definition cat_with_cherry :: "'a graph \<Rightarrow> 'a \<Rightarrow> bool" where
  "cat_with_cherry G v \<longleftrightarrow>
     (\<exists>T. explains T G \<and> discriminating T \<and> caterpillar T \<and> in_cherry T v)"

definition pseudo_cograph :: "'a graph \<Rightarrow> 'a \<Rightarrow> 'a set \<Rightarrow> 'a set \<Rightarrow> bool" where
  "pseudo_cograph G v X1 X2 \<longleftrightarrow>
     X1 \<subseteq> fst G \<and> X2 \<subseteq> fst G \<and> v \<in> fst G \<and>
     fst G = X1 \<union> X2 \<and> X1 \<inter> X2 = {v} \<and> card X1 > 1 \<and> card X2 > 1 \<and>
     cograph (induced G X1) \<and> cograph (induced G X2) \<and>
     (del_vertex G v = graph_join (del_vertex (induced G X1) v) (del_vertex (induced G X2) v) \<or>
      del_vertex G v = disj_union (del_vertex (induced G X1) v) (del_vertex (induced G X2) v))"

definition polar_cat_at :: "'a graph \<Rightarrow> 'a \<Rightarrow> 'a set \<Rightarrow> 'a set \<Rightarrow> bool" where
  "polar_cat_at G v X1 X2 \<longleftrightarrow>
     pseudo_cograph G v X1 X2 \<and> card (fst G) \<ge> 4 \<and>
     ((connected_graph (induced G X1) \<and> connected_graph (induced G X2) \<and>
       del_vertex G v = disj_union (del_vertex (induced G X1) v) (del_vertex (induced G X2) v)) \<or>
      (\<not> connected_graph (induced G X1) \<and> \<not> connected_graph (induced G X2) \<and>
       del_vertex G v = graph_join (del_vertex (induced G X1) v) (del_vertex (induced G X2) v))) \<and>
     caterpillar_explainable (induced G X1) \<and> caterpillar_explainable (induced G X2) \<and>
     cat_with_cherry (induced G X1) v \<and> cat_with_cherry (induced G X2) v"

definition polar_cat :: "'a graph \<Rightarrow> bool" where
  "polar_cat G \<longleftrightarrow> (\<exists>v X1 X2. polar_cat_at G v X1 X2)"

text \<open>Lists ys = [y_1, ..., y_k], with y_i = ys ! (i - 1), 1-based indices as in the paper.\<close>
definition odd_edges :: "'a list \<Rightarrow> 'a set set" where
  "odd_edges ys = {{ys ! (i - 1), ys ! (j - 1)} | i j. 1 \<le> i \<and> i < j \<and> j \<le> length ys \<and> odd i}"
--
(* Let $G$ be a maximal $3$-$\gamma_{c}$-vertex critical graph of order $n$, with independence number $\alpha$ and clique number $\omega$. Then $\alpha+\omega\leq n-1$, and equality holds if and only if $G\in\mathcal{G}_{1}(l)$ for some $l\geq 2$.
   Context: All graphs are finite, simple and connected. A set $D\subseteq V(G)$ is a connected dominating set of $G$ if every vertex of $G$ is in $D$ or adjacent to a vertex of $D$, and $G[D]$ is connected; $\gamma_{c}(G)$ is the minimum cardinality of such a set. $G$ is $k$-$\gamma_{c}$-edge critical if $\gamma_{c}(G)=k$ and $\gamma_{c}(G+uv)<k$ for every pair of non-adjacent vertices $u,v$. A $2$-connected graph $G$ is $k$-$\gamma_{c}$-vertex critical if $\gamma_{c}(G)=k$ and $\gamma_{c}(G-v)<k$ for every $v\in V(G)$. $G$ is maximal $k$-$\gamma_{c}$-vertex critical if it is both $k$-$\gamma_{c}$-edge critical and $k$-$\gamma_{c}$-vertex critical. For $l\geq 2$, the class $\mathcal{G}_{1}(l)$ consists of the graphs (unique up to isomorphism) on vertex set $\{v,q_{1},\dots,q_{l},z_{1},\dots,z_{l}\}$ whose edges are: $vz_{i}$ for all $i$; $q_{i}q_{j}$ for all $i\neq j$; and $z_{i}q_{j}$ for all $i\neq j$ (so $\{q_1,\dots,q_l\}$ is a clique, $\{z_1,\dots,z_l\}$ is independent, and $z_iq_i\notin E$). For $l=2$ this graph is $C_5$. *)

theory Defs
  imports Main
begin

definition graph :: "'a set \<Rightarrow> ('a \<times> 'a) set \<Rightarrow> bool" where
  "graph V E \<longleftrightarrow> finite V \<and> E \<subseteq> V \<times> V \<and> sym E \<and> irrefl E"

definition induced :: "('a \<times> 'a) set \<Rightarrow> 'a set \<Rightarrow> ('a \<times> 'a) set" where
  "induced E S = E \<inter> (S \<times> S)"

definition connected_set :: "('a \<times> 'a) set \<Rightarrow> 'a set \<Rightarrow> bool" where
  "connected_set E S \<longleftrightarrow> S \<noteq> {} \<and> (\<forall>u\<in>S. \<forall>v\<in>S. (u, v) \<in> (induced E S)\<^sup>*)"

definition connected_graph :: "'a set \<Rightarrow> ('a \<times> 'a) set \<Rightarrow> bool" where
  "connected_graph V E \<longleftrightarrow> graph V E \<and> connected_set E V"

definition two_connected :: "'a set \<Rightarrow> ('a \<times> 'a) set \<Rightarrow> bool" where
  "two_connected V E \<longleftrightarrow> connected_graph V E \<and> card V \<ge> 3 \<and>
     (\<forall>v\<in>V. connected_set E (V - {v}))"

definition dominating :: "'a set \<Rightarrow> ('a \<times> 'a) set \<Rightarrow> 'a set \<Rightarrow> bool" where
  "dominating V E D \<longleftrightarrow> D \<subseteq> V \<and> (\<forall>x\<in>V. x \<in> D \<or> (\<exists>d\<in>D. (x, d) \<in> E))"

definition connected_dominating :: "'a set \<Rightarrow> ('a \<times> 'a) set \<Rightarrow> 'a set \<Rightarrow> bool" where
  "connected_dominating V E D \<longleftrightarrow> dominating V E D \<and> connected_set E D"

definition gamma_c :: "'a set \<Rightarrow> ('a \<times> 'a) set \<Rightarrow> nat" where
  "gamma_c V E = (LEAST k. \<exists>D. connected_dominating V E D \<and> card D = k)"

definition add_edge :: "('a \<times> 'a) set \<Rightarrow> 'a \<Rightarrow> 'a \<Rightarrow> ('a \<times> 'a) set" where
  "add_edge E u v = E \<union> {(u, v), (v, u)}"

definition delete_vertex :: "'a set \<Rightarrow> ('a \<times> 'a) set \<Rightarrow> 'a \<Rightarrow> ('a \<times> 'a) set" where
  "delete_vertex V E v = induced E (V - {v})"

**What the task asks:** Would you please repeat exactly the lines above, starting at the line with "E \<longleftrightarrow> finite" and stopping at the line with "v = induced", both included?

**Reply:**
  "graph V E \<longleftrightarrow> finite V \<and> E \<subseteq> V \<times> V \<and> sym E \<and> irrefl E"

definition induced :: "('a \<times> 'a) set \<Rightarrow> 'a set \<Rightarrow> ('a \<times> 'a) set" where
  "induced E S = E \<inter> (S \<times> S)"

definition connected_set :: "('a \<times> 'a) set \<Rightarrow> 'a set \<Rightarrow> bool" where
  "connected_set E S \<longleftrightarrow> S \<noteq> {} \<and> (\<forall>u\<in>S. \<forall>v\<in>S. (u, v) \<in> (induced E S)\<^sup>*)"

definition connected_graph :: "'a set \<Rightarrow> ('a \<times> 'a) set \<Rightarrow> bool" where
  "connected_graph V E \<longleftrightarrow> graph V E \<and> connected_set E V"

definition two_connected :: "'a set \<Rightarrow> ('a \<times> 'a) set \<Rightarrow> bool" where
  "two_connected V E \<longleftrightarrow> connected_graph V E \<and> card V \<ge> 3 \<and>
     (\<forall>v\<in>V. connected_set E (V - {v}))"

definition dominating :: "'a set \<Rightarrow> ('a \<times> 'a) set \<Rightarrow> 'a set \<Rightarrow> bool" where
  "dominating V E D \<longleftrightarrow> D \<subseteq> V \<and> (\<forall>x\<in>V. x \<in> D \<or> (\<exists>d\<in>D. (x, d) \<in> E))"

definition connected_dominating :: "'a set \<Rightarrow> ('a \<times> 'a) set \<Rightarrow> 'a set \<Rightarrow> bool" where
  "connected_dominating V E D \<longleftrightarrow> dominating V E D \<and> connected_set E D"

definition gamma_c :: "'a set \<Rightarrow> ('a \<times> 'a) set \<Rightarrow> nat" where
  "gamma_c V E = (LEAST k. \<exists>D. connected_dominating V E D \<and> card D = k)"

definition add_edge :: "('a \<times> 'a) set \<Rightarrow> 'a \<Rightarrow> 'a \<Rightarrow> ('a \<times> 'a) set" where
  "add_edge E u v = E \<union> {(u, v), (v, u)}"

definition delete_vertex :: "'a set \<Rightarrow> ('a \<times> 'a) set \<Rightarrow> 'a \<Rightarrow> ('a \<times> 'a) set" where
  "delete_vertex V E v = induced E (V - {v})"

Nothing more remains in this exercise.